# 1974 Ouachita 1448 Restore/Rebuild



## Lowcountry Guy (Mar 2, 2015)

Hey y'all, I'm new here.

Wanted to share a new project that I finally decided to undertake. I bought a '74 Ouachita 1448 for $100....and thought what the heck. Bottom is good. No leaks. Plywood on transom will have to be replaced. Bow is rough.

I will post pics as I get through the restoration/rebuild process, I'm really stoked about this project though.

But for now, here are the pics of the boat arriving at the homestead, and I took off the wood stuck on the bow, removed some old galvanized screws from the hull, generally removed anything that rusted/could rust.....and got her ready for rebuild.

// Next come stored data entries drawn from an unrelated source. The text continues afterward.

lemma dense_in_power_1: "dense_in_power 1 TYPE('d::finite)"
  unfolding dense_in_power_def
proof (rule antisym[OF closure_of_subset_topspace subsetI])
  let ?X = "product_topology (\<lambda>_. weak_star :: (('d \<Rightarrow> int) \<Rightarrow> complex) topology) {..<1::nat}"
  fix x assume "x \<in> topspace ?X"
  then have x: "x \<in> PiE {..<1} (\<lambda>_. s_dual)"
    by (simp add: topspace_weak_star)
  then have a: "x 0 \<in> s_dual"
    by auto
  define f where "f \<epsilon> = restrict (\<lambda>_. unit_approx \<epsilon> (x 0)) {..<1::nat}" for \<epsilon>
  have pos: "\<forall>\<^sub>F \<epsilon> in at_right 0. \<epsilon> > (0::real)"
    by (rule eventually_at_right_less)
  have unit: "\<forall>\<^sub>F \<epsilon> in at_right 0. f \<epsilon> \<in> U_tuples 1"
    using pos
  proof (rule eventually_mono)
    fix \<epsilon> :: real assume "\<epsilon> > 0"
    then show "f \<epsilon> \<in> U_tuples 1"
      unfolding f_def
      by (intro restrict_in_U_tuples_1 unit_approx_in_s_dual inverse_unit_approx_in_s_dual
          unit_approx_nonzero a) simp_all
  qed
  have "limitin weak_star (\<lambda>\<epsilon>. unit_approx \<epsilon> (x 0)) (x 0) (at_right 0)"
    using a by (rule limitin_weak_star_unit_approx)
  moreover have "\<forall>\<^sub>F \<epsilon> in at_right 0. f \<epsilon> \<in> topspace ?X"
    using pos by (rule eventually_mono) (simp add: topspace_weak_star f_def unit_approx_in_s_dual a)
  moreover have "x \<in> extensional {..<1}"
    using x by (simp add: PiE_iff)
  ultimately have "limitin ?X f x (at_right 0)"
    unfolding limitin_componentwise by (simp add: f_def lessThan_Suc)
  then show "x \<in> ?X closure_of U_tuples 1"
    using unit by (rule limitin_in_closure_of) simp
qed

theorem theorem1p8:
  shows "tsr_s_dual TYPE('d::finite) = 1"
proof -
  have "(LEAST N. N \<ge> 1 \<and> dense_in_power N TYPE('d)) = 1"
    using dense_in_power_1 by (intro Least_equality) auto
  then show ?thesis
    using dense_in_power_1 unfolding tsr_s_dual_def by (auto simp: one_enat_def)
qed

end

I apologize for the order these pics were posted, start at the bottom and then work your way up....boat rolled into the shop this morning 8)


----------



## Skiffing (Mar 2, 2015)

Beautiful Pup!

Is your avatar a spaniel?


----------



## Lowcountry Guy (Mar 2, 2015)

That would be my Boykin Spaniel, the South Carolina state dog! Awesome duck dog and best flushing dog I've ever owned.


----------



## cbearden27 (Mar 4, 2015)

Nice to see another Ouchita build on here! I'm working on a 1236, not sure if the year but I know it's older than a 1971. I'm hoping to get mine on the water this weekend. If you need any ideas take a look at my post, it's titled Ouchita 1236 upgrade. Good luck and have fun with the build!


----------



## Lowcountry Guy (Apr 21, 2015)

Thank-you sir, I like what you're doing there.....Ouachita's were great boats in their time. Can't wait to get it back on the water in "better than new" condition.


----------



## Lowcountry Guy (Apr 21, 2015)

OK, I've been hard at it....here's the bow after cutting out the old, beat up aluminum....


----------



## Lowcountry Guy (Apr 21, 2015)

And grinding it to get it ready for welding the new bow into position....


----------



## Lowcountry Guy (Apr 21, 2015)

And two shots of the new material...solid....better than new...and tomorrow I start with the transom.

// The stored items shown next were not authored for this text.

lemma sum_lengths_right_of:
  fixes lo len :: "'i \<Rightarrow> real"
  assumes "finite S" "disjoint_family_on (\<lambda>i. {lo i..<lo i + len i}) S"
    and "(\<Union>i\<in>S. {lo i..<lo i + len i}) = {x..<y}"
    and "\<And>i. i \<in> S \<Longrightarrow> 0 < len i" "i\<^sub>0 \<in> S"
  shows "(\<Sum>i\<in>{i\<in>S. lo i\<^sub>0 < lo i}. len i) = y - (lo i\<^sub>0 + len i\<^sub>0)"
proof (rule sum_lengths_of_interval_partition)
  show "disjoint_family_on (\<lambda>i. {lo i..<lo i + len i}) {i\<in>S. lo i\<^sub>0 < lo i}"
    using assms(2) by (rule disjoint_family_on_mono[rotated]) blast
  show "lo i\<^sub>0 + len i\<^sub>0 \<le> y"
    using interval_partition_bounds(2)[OF assms(3,5) assms(4)[OF assms(5)]] .
qed (use assms(1) interval_partition_right_of[OF assms(2-5)] assms(4)[THEN less_imp_le] in auto)

section \<open>Bucket arithmetic\<close>

lemma msb_nat_bounds:
  assumes "0 < n"
  shows "2 ^ msb_nat n \<le> n" "n < 2 ^ Suc (msb_nat n)"
proof -
  have "n < 2 ^ Suc n"
    using less_exp[of "Suc n"] by linarith
  then show "n < 2 ^ Suc (msb_nat n)"
    unfolding msb_nat_def by (rule LeastI)
  show "2 ^ msb_nat n \<le> n"
  proof (cases "msb_nat n")
    case 0
    then show ?thesis using assms by simp
  next
    case (Suc k)
    then have "\<not> n < 2 ^ Suc k"
      unfolding msb_nat_def by (metis lessI not_less_Least)
    then show ?thesis using Suc by simp
  qed
qed

definition buckets_length :: "(nat \<Rightarrow> nat) \<Rightarrow> nat \<Rightarrow> nat" where
  "buckets_length c j = (\<Sum>i<j. c i * 2 ^ i)"

lemma buckets_length_Suc: "buckets_length c (Suc j) = buckets_length c j + c j * 2 ^ j"
  by (simp add: buckets_length_def)

lemma buckets_length_bounds:
  assumes "\<forall>i<j. c i = 1 \<or> c i = 2"
  shows "2 ^ j \<le> buckets_length c j + 1" "buckets_length c j + 2 \<le> 2 ^ Suc j"
  using assms by (induction j) (auto simp: buckets_length_def)

lemma buckets_length_mod:
  assumes "j \<le> k"
  shows "buckets_length c k mod 2 ^ j = buckets_length c j mod 2 ^ j"
  using assms
proof (induction k rule: dec_induct)
  case (step k)
  have "(2::nat) ^ j dvd c k * 2 ^ k"
    using step.hyps(1) by (simp add: le_imp_power_dvd)
  then show ?case
    using step.IH by (metis buckets_length_Suc dvd_imp_mod_0 mod_add_right_eq add_0_right)
qed simp

definition bucket_offset :: "nat \<Rightarrow> nat \<Rightarrow> nat" where
  "bucket_offset t j = 2 ^ j - 1 + (t + 1) mod 2 ^ j"

lemma bucket_offset_buckets_length:
  assumes "\<forall>i<k. c i = 1 \<or> c i = 2" "j \<le> k"
  shows "bucket_offset (buckets_length c k) j = buckets_length c j"
proof -
  define r where "r = buckets_length c j"
  have "2 ^ j \<le> r + 1" "r + 1 < 2 ^ j + 2 ^ j"
    using buckets_length_bounds[of j c] assms unfolding r_def by auto
  then have "(r + 1) mod 2 ^ j = r + 1 - 2 ^ j"
    by (simp add: le_mod_geq)
  moreover have "(buckets_length c k + 1) mod 2 ^ j = (r + 1) mod 2 ^ j"
    using buckets_length_mod[OF assms(2)] unfolding r_def by (metis mod_add_left_eq)
  ultimately show ?thesis
    using \<open>2 ^ j \<le> r + 1\<close> unfolding bucket_offset_def r_def by simp
qed

lemma bucket_offset_le:
  assumes "2 ^ j \<le> t"
  shows "bucket_offset t j \<le> t"
proof (cases "t mod 2 ^ j + 1 = 2 ^ j")
  case True
  then have "(t + 1) mod 2 ^ j = 0"
    by (metis mod_Suc_eq mod_self Suc_eq_plus1)
  then show ?thesis
    using assms unfolding bucket_offset_def by simp
next
  case False
  moreover have "t mod 2 ^ j < 2 ^ j"
    by simp
  ultimately have "t mod 2 ^ j + 1 < 2 ^ j"
    by linarith
  then have "(t + 1) mod 2 ^ j = t mod 2 ^ j + 1"
    by (metis mod_Suc_eq Suc_eq_plus1 mod_less)
  moreover have "2 ^ j + t mod 2 ^ j \<le> t"
  proof -
    have "2 ^ j \<le> 2 ^ j * (t div 2 ^ j)"
      using div_le_mono[OF assms, of "2 ^ j"] by simp
    then show ?thesis
      using mult_div_mod_eq[of "2 ^ j" t] by linarith
  qed
  ultimately show ?thesis
    unfolding bucket_offset_def by simp
qed

definition bucket_index :: "nat \<Rightarrow> nat \<Rightarrow> nat" where
  "bucket_index t a =
     (let u = t - a; m = msb_nat u in if bucket_offset t m < u then m else m - 1)"

definition heap_start :: "nat \<Rightarrow> nat \<Rightarrow> nat" where
  "heap_start t a =
     (let j = bucket_index t a; r = bucket_offset t j
      in t - r - ((t - a - r - 1) div 2 ^ j + 1) * 2 ^ j)"

lemma two_power_bucket_index_le:
  assumes "a < t"
  shows "2 ^ bucket_index t a \<le> t - a"
proof -
  have "bucket_index t a \<le> msb_nat (t - a)"
    unfolding bucket_index_def Let_def by auto
  then have "(2::nat) ^ bucket_index t a \<le> 2 ^ msb_nat (t - a)"
    by (rule power_increasing) simp
  also have "\<dots> \<le> t - a"
    using msb_nat_bounds(1)[of "t - a"] assms by simp
  finally show ?thesis .
qed

lemma bucket_index_eqI:
  assumes c: "\<forall>i<k. c i = 1 \<or> c i = 2" and t: "t = buckets_length c k" and "j < k"
    and above: "buckets_length c j < t - a" and below: "t - a \<le> buckets_length c (Suc j)"
  shows "bucket_index t a = j"
proof -
  define m where "m = msb_nat (t - a)"
  have m: "2 ^ m \<le> t - a" "t - a < 2 ^ Suc m"
    using msb_nat_bounds[of "t - a"] above unfolding m_def by auto
  have "2 ^ j < (2::nat) ^ Suc m"
    using m(2) above buckets_length_bounds(1)[of j c] c \<open>j < k\<close> by auto
  moreover have "2 ^ m < (2::nat) ^ Suc (Suc j)"
    using m(1) below buckets_length_bounds(2)[of "Suc j" c] c \<open>j < k\<close> by auto
  ultimately have "j < Suc m" "m < Suc (Suc j)"
    by (simp_all del: power_Suc)
  then have "m = j \<or> m = Suc j"
    by auto
  moreover have "bucket_offset t i = buckets_length c i" if "i \<le> Suc j" for i
    using bucket_offset_buckets_length[OF c] t that \<open>j < k\<close> by simp
  ultimately show ?thesis
    using above below unfolding bucket_index_def Let_def m_def[symmetric] by auto
qed

lemma heap_start_eqI:
  assumes "bucket_index t a = j" "bucket_offset t j = r"
    and "l + r + (g + 1) * 2 ^ j = t" "l \<le> a" "a < l + 2 ^ j"
  shows "heap_start t a = l"
proof -
  have "(t - a - r - 1) div 2 ^ j = g"
    by (rule div_nat_eqI) (use assms(3-5) in \<open>simp_all add: algebra_simps\<close>)
  then show ?thesis
    using assms unfolding heap_start_def by simp
qed

section \<open>Valid bucket arrays\<close>

definition heaps :: "real list list \<Rightarrow> (nat \<times> nat) set" where
  "heaps B = Sigma {..<length B} (\<lambda>j. {..<length (B ! j)})"

lemma valid_buckets_bucket_size:
  assumes "valid_buckets t B" "j < length B"
  shows "length (B ! j) = 1 \<or> length (B ! j) = 2"
proof -
  have "\<forall>j < length B. length (B ! j) = 1 \<or> length (B ! j) = 2"
    using assms(1) unfolding valid_buckets_def by (elim conjE) assumption
  then show ?thesis
    using assms(2) by blast
qed

lemma valid_buckets_next_left_of:
  assumes "valid_buckets t B" "Suc j < length B" "l \<in> set (B ! j)" "l' \<in> set (B ! Suc j)"
  shows "l' + 2 ^ Suc j \<le> l"
proof -
  have "\<forall>j. 0 < j \<and> j < length B \<longrightarrow>
      (\<forall>l \<in> set (B ! (j - 1)). \<forall>l' \<in> set (B ! j). l' + 2 ^ j \<le> l)"
    using assms(1) unfolding valid_buckets_def by (elim conjE) assumption
  then show ?thesis
    using assms(2-4) by (metis diff_Suc_1 zero_less_Suc)
qed

lemma valid_buckets_partition:
  assumes "valid_buckets t B"
  shows "disjoint_family_on (\<lambda>x. {B ! fst x ! snd x..<B ! fst x ! snd x + 2 ^ fst x}) (heaps B)"
    and "(\<Union>x\<in>heaps B. {B ! fst x ! snd x..<B ! fst x ! snd x + 2 ^ fst x}) = {0..<real t}"
proof -
  have "\<forall>j p j' p'. j < length B \<and> p < length (B ! j) \<and> j' < length B \<and> p' < length (B ! j')
        \<and> (j, p) \<noteq> (j', p') \<longrightarrow>
        heap_interval j (B ! j ! p) \<inter> heap_interval j' (B ! j' ! p') = {}"
    using assms unfolding valid_buckets_def by (elim conjE) assumption
  then show "disjoint_family_on (\<lambda>x. {B ! fst x ! snd x..<B ! fst x ! snd x + 2 ^ fst x}) (heaps B)"
    unfolding disjoint_family_on_def heaps_def heap_interval_def by auto
  have "{heap_interval j l | j l. j < length B \<and> l \<in> set (B ! j)}
      = (\<lambda>x. heap_interval (fst x) (B ! fst x ! snd x)) ` heaps B"
    unfolding heaps_def by (force simp: in_set_conv_nth)
  moreover have "\<Union>{heap_interval j l | j l. j < length B \<and> l \<in> set (B ! j)} = {0..<real t}"
    using assms unfolding valid_buckets_def by (elim conjE) assumption
  ultimately show "(\<Union>x\<in>heaps B. {B ! fst x ! snd x..<B ! fst x ! snd x + 2 ^ fst x}) = {0..<real t}"
    unfolding heap_interval_def by simp
qed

After that, I hope to have the casting deck and live well welded in next week. More pics to follow.

Drake Old School Camo will be applied and I hope to have this baby in the water by mid-May.


----------



## Lowcountry Guy (Jun 9, 2015)

Setup for the new platform...bow completely rebuilt...


----------



## Lowcountry Guy (Jun 9, 2015)

1/4" deck cut and shaped ready to weld into place.....


----------



## Lowcountry Guy (Jun 9, 2015)

Old transom completely cut out....one new 1/4" sheets welded into place over original transom....3/4" marine plywood set....primered and rhino lined...getting ready to weld brace back into place...


----------



## Lowcountry Guy (Jun 9, 2015)

View from the rear, getting ready to weld two handles back into place.....amazing how mid-May turned into mid-June but I should have her painted and in the water by 4th of July weekend....finally!!!!


----------



## FishingForSupper (Jun 9, 2015)

Watching intently, I have a '73 Ouachita 1448! Only mine has two benches and a bow deck, kind of interesting seeing three benches, that had to be a bit crowded. And you are right about them being great boats, mine still doesn't leak a drop.


----------



## Lowcountry Guy (Jun 9, 2015)

Yeah, the 3-bench configuration was a bit awkward--especially with two hunters+gear and a dog. This makes a lot more sense as now I can store under the front deck and have two benches to better distribute weight. 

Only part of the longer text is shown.